Twenty-six states, including Indiana, took the feds to court.
The ink was barely dry on the Education Department’s vast rewrite before 10 separate federal lawsuits were filed by 26 states, various membership organizations, and individual plaintiffs across the country.
The essential elements of each lawsuit share a common theme: The Biden administration’s new Title IX rule is illegal, unconstitutional, and “arbitrary and capricious” under the Administrative Procedure Act—the federal law that governs all agency rulemaking.
The Administrative Procedure Act requires courts to “hold unlawful and set aside agency action” that is “arbitrary, capricious, an abuse of discretion, or otherwise not in accordance with law”; “contrary to constitutional right, power, privilege, or immunity”; or “in excess of statutory jurisdiction, authority, or limitations, or short of statutory right.”
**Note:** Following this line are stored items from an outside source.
(* Fix $D_0>0$, $\alpha>0$, $p^a\ge0$, $\gamma\in(0,1)$. Let $d(p^s,p^c)=\max\{D_0-\alpha(p^s+p^c),0\}$. Consider the ex post regulation game in which the ISP chooses $p^s\in\mathbb{R}$ and the CP chooses $p^c\in\mathbb{R}$ simultaneously, with payoffs $$U_{ISP}(p^s,p^c)=\gamma\, d(p^s,p^c)\,(p^s+p^c+p^a),\qquad U_{CP}(p^s,p^c)=(1-\gamma)\, d(p^s,p^c)\,(p^s+p^c+p^a).$$ A profile $(p^s,p^c)$ is a pure-strategy Nash equilibrium if and only if $$p^s+p^c=\frac{D_0-\alpha p^a}{2\alpha}.$$ In particular: - the pure-strategy equilibrium exists and is unique up to a free choice of $p^s$ (equivalently of $p^c$), with the net internaut price uniquely determined; - at every equilibrium the demand equals $\frac{D_0+\alpha p^a}{2}>0$; - there is no equilibrium with zero demand; - at equilibrium the net revenue per unit demand $p^s+p^c+p^a=\frac{D_0+\alpha p^a}{2\alpha}$ is shared in proportions $\gamma$ and $1-\gamma$ by the ISP and the CP. This sharing is effected by the regulator's choice $p^d=\gamma(p^c+p^a)-(1-\gamma)p^s$.
   Context: Single ISP, single CP model. - $p^s$ and $p^c$ are the prices per unit demand paid by internauts to the ISP and to the CP respectively. - $p^a\ge0$ is the CP's advertising revenue per unit demand. - $p^d$ is the payment per unit demand from the CP to the ISP. - The ISP's utility is $d\,(p^s+p^d)$ and the CP's utility is $d\,(p^c+p^a-p^d)$. In the ex post regulation game, the players first set $p^s$ and $p^c$. Afterwards a regulator sets $p^d$ to maximize $U_{ISP}^\gamma U_{CP}^{1-\gamma}$, which gives $p^d=\gamma(p^c+p^a)-(1-\gamma)p^s$. Hence the ISP receives $p^s+p^d=\gamma(p^s+p^c+p^a)$ and the CP receives $p^c+p^a-p^d=(1-\gamma)(p^s+p^c+p^a)$ per unit demand. This yields the payoffs stated in the claim. *)

theory Defs
  imports Complex_Main
begin

definition demand :: "real \<Rightarrow> real \<Rightarrow> real \<Rightarrow> real \<Rightarrow> real" where
  "demand D0 \<alpha> ps pc = max (D0 - \<alpha> * (ps + pc)) 0"

definition U_ISP :: "real \<Rightarrow> real \<Rightarrow> real \<Rightarrow> real \<Rightarrow> real \<Rightarrow> real \<Rightarrow> real" where
  "U_ISP D0 \<alpha> pa \<gamma> ps pc = \<gamma> * demand D0 \<alpha> ps pc * (ps + pc + pa)"

definition U_CP :: "real \<Rightarrow> real \<Rightarrow> real \<Rightarrow> real \<Rightarrow> real \<Rightarrow> real \<Rightarrow> real" where
  "U_CP D0 \<alpha> pa \<gamma> ps pc = (1 - \<gamma>) * demand D0 \<alpha> ps pc * (ps + pc + pa)"

definition reg_pd :: "real \<Rightarrow> real \<Rightarrow> real \<Rightarrow> real \<Rightarrow> real" where
  "reg_pd pa \<gamma> ps pc = \<gamma> * (pc + pa) - (1 - \<gamma>) * ps"

definition is_NE :: "real \<Rightarrow> real \<Rightarrow> real \<Rightarrow> real \<Rightarrow> real \<Rightarrow> real \<Rightarrow> bool" where
  "is_NE D0 \<alpha> pa \<gamma> ps pc \<longleftrightarrow>
     (\<forall>ps'. U_ISP D0 \<alpha> pa \<gamma> ps' pc \<le> U_ISP D0 \<alpha> pa \<gamma> ps pc) \<and>
     (\<forall>pc'. U_CP D0 \<alpha> pa \<gamma> ps pc' \<le> U_CP D0 \<alpha> pa \<gamma> ps pc)"

end

theory Submission
  imports Defs
begin

text \<open>Both payoffs are fixed shares of the joint revenue \<open>d (p^s + p^c + p^a)\<close>, which depends
  only on the total price \<open>t = p^s + p^c\<close>. As a function of \<open>t\<close> it is the concave parabola
  \<open>(D0 - \<alpha> t)(t + p^a)\<close> where demand is positive and \<open>0\<close> elsewhere, so it has a unique
  maximiser \<open>t = (D0 - \<alpha> p^a) / (2\<alpha>)\<close>, where it is positive. Each player can reach any total
  price by a unilateral deviation, hence a profile is an equilibrium exactly when its total
  price is this maximiser.\<close>

definition joint_revenue :: "real \<Rightarrow> real \<Rightarrow> real \<Rightarrow> real \<Rightarrow> real" where
  "joint_revenue D0 \<alpha> pa t = max (D0 - \<alpha> * t) 0 * (t + pa)"

definition optimal_price :: "real \<Rightarrow> real \<Rightarrow> real \<Rightarrow> real" where
  "optimal_price D0 \<alpha> pa = (D0 - \<alpha> * pa) / (2 * \<alpha>)"

lemma U_ISP_eq_joint_revenue:
  "U_ISP D0 \<alpha> pa \<gamma> ps pc = \<gamma> * joint_revenue D0 \<alpha> pa (ps + pc)"
  by (simp add: U_ISP_def joint_revenue_def demand_def add.assoc)

lemma U_CP_eq_joint_revenue:
  "U_CP D0 \<alpha> pa \<gamma> ps pc = (1 - \<gamma>) * joint_revenue D0 \<alpha> pa (ps + pc)"
  by (simp add: U_CP_def joint_revenue_def demand_def add.assoc)

lemma optimal_price_add_pa:
  assumes "\<alpha> > 0"
  shows "optimal_price D0 \<alpha> pa + pa = (D0 + \<alpha> * pa) / (2 * \<alpha>)"
  using assms by (simp add: optimal_price_def field_simps)

lemma demand_at_optimal_price:
  assumes "\<alpha> > 0" and "D0 + \<alpha> * pa > 0" and "ps + pc = optimal_price D0 \<alpha> pa"
  shows "demand D0 \<alpha> ps pc = (D0 + \<alpha> * pa) / 2"
proof -
  have "D0 - \<alpha> * (ps + pc) = (D0 + \<alpha> * pa) / 2"
    using assms by (simp add: optimal_price_def field_simps)
  then show ?thesis using assms(2) by (simp add: demand_def)
qed

lemma joint_revenue_optimal_price:
  assumes "\<alpha> > 0" and "D0 + \<alpha> * pa > 0"
  shows "joint_revenue D0 \<alpha> pa (optimal_price D0 \<alpha> pa) = (D0 + \<alpha> * pa)\<^sup>2 / (4 * \<alpha>)"
proof -
  have demand: "D0 - \<alpha> * optimal_price D0 \<alpha> pa = (D0 + \<alpha> * pa) / 2"
    using assms by (simp add: optimal_price_def field_simps)
  show ?thesis
    unfolding joint_revenue_def demand optimal_price_add_pa[OF assms(1)]
    using assms by (simp add: power2_eq_square field_simps)
qed

lemma joint_revenue_less_optimal:
  assumes "\<alpha> > 0" and "D0 + \<alpha> * pa > 0" and "t \<noteq> optimal_price D0 \<alpha> pa"
  shows "joint_revenue D0 \<alpha> pa t < joint_revenue D0 \<alpha> pa (optimal_price D0 \<alpha> pa)"
  unfolding joint_revenue_optimal_price[OF assms(1,2)]
proof (cases "D0 - \<alpha> * t > 0")
  case True
  have "(D0 - \<alpha> * t) * (t + pa)
      = (D0 + \<alpha> * pa)\<^sup>2 / (4 * \<alpha>) - \<alpha> * (t - optimal_price D0 \<alpha> pa)\<^sup>2"
    using assms(1) by (simp add: optimal_price_def power2_eq_square field_simps)
  moreover have "\<alpha> * (t - optimal_price D0 \<alpha> pa)\<^sup>2 > 0"
    using assms(1,3) by simp
  ultimately show "joint_revenue D0 \<alpha> pa t < (D0 + \<alpha> * pa)\<^sup>2 / (4 * \<alpha>)"
    using True by (simp add: joint_revenue_def)
next
  case False
  then show "joint_revenue D0 \<alpha> pa t < (D0 + \<alpha> * pa)\<^sup>2 / (4 * \<alpha>)"
    using assms(1,2) by (simp add: joint_revenue_def)
qed

lemma joint_revenue_le_optimal:
  assumes "\<alpha> > 0" and "D0 + \<alpha> * pa > 0"
  shows "joint_revenue D0 \<alpha> pa t \<le> joint_revenue D0 \<alpha> pa (optimal_price D0 \<alpha> pa)"
  using joint_revenue_less_optimal[OF assms, of t] by fastforce

lemma is_NE_iff_optimal_price:
  assumes "\<alpha> > 0" and "D0 + \<alpha> * pa > 0" and "0 < \<gamma>" and "\<gamma> < 1"
  shows "is_NE D0 \<alpha> pa \<gamma> ps pc \<longleftrightarrow> ps + pc = optimal_price D0 \<alpha> pa"
proof
  assume "is_NE D0 \<alpha> pa \<gamma> ps pc"
  then have "U_ISP D0 \<alpha> pa \<gamma> (optimal_price D0 \<alpha> pa - pc) pc \<le> U_ISP D0 \<alpha> pa \<gamma> ps pc"
    unfolding is_NE_def by blast
  then have "joint_revenue D0 \<alpha> pa (optimal_price D0 \<alpha> pa) \<le> joint_revenue D0 \<alpha> pa (ps + pc)"
    using assms(3) by (simp add: U_ISP_eq_joint_revenue)
  then show "ps + pc = optimal_price D0 \<alpha> pa"
    using joint_revenue_less_optimal[OF assms(1,2), of "ps + pc"] by fastforce
next
  assume "ps + pc = optimal_price D0 \<alpha> pa"
  then show "is_NE D0 \<alpha> pa \<gamma> ps pc"
    using joint_revenue_le_optimal[OF assms(1,2)] assms(3,4)
    by (simp add: is_NE_def U_ISP_eq_joint_revenue U_CP_eq_joint_revenue)
qed

lemma ISP_share_reg_pd: "ps + reg_pd pa \<gamma> ps pc = \<gamma> * (ps + pc + pa)"
  by (simp add: reg_pd_def algebra_simps)

lemma CP_share_reg_pd: "pc + pa - reg_pd pa \<gamma> ps pc = (1 - \<gamma>) * (ps + pc + pa)"
  by (simp add: reg_pd_def algebra_simps)

theorem theorem2:
  fixes D0 \<alpha> pa \<gamma> :: real
  assumes "D0 > 0" and "\<alpha> > 0" and "pa \<ge> 0" and "0 < \<gamma>" and "\<gamma> < 1"
  shows "(\<forall>ps pc. is_NE D0 \<alpha> pa \<gamma> ps pc \<longleftrightarrow> ps + pc = (D0 - \<alpha> * pa) / (2 * \<alpha>))
    \<and> (\<forall>ps. \<exists>!pc. is_NE D0 \<alpha> pa \<gamma> ps pc)
    \<and> (\<forall>pc. \<exists>!ps. is_NE D0 \<alpha> pa \<gamma> ps pc)
    \<and> (\<forall>ps pc. is_NE D0 \<alpha> pa \<gamma> ps pc \<longrightarrow>
          demand D0 \<alpha> ps pc = (D0 + \<alpha> * pa) / 2 \<and> demand D0 \<alpha> ps pc > 0
        \<and> ps + pc + pa = (D0 + \<alpha> * pa) / (2 * \<alpha>)
        \<and> ps + reg_pd pa \<gamma> ps pc = \<gamma> * (ps + pc + pa)
        \<and> pc + pa - reg_pd pa \<gamma> ps pc = (1 - \<gamma>) * (ps + pc + pa))"
proof -
  have pos: "D0 + \<alpha> * pa > 0"
    using assms(1-3) by (simp add: add_pos_nonneg)
  note NE = is_NE_iff_optimal_price[OF assms(2) pos assms(4,5)]
  show ?thesis
  proof (intro conjI allI impI)
    fix ps pc
    show "is_NE D0 \<alpha> pa \<gamma> ps pc \<longleftrightarrow> ps + pc = (D0 - \<alpha> * pa) / (2 * \<alpha>)"
      by (simp add: NE optimal_price_def)
    show "\<exists>!pc. is_NE D0 \<alpha> pa \<gamma> ps pc"
      by (rule ex1I[of _ "optimal_price D0 \<alpha> pa - ps"]) (auto simp: NE)
    show "\<exists>!ps. is_NE D0 \<alpha> pa \<gamma> ps pc"
      by (rule ex1I[of _ "optimal_price D0 \<alpha> pa - pc"]) (auto simp: NE)
    show "ps + reg_pd pa \<gamma> ps pc = \<gamma> * (ps + pc + pa)"
      "pc + pa - reg_pd pa \<gamma> ps pc = (1 - \<gamma>) * (ps + pc + pa)"
      by (rule ISP_share_reg_pd CP_share_reg_pd)+
    assume "is_NE D0 \<alpha> pa \<gamma> ps pc"
    then have total: "ps + pc = optimal_price D0 \<alpha> pa"
      using NE by blast
    show "demand D0 \<alpha> ps pc = (D0 + \<alpha> * pa) / 2" "demand D0 \<alpha> ps pc > 0"
      using demand_at_optimal_price[OF assms(2) pos total] pos by simp_all
    show "ps + pc + pa = (D0 + \<alpha> * pa) / (2 * \<alpha>)"
      using total optimal_price_add_pa[OF assms(2)] by simp
  qed
qed

end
In six of the 10 federal lawsuits, judges have already issued decisions and temporarily enjoined the revised Title IX rule from taking effect, citing the same “arbitrary and capricious” nature of the regulation.
As a result, there are already temporary injunctions in place against the rule’s application in 22 states.
Further, a federal district court in Kansas enjoined the department’s enforcement of the 2024 Title IX rule in a unique manner that impacts educational institutions nationwide. In addition to blocking enforcement in the specific plaintiff states (i.e., Alaska, Kansas, Utah, and Wyoming), it blocked enforcement at the more than 680 colleges and universities attended by the children of members of the plaintiff membership organizations anywhere in the country.
So Harris/Biden decided to take it to the Supreme Court, which isn’t going to get involved. So the injunctions against implementing this change stand.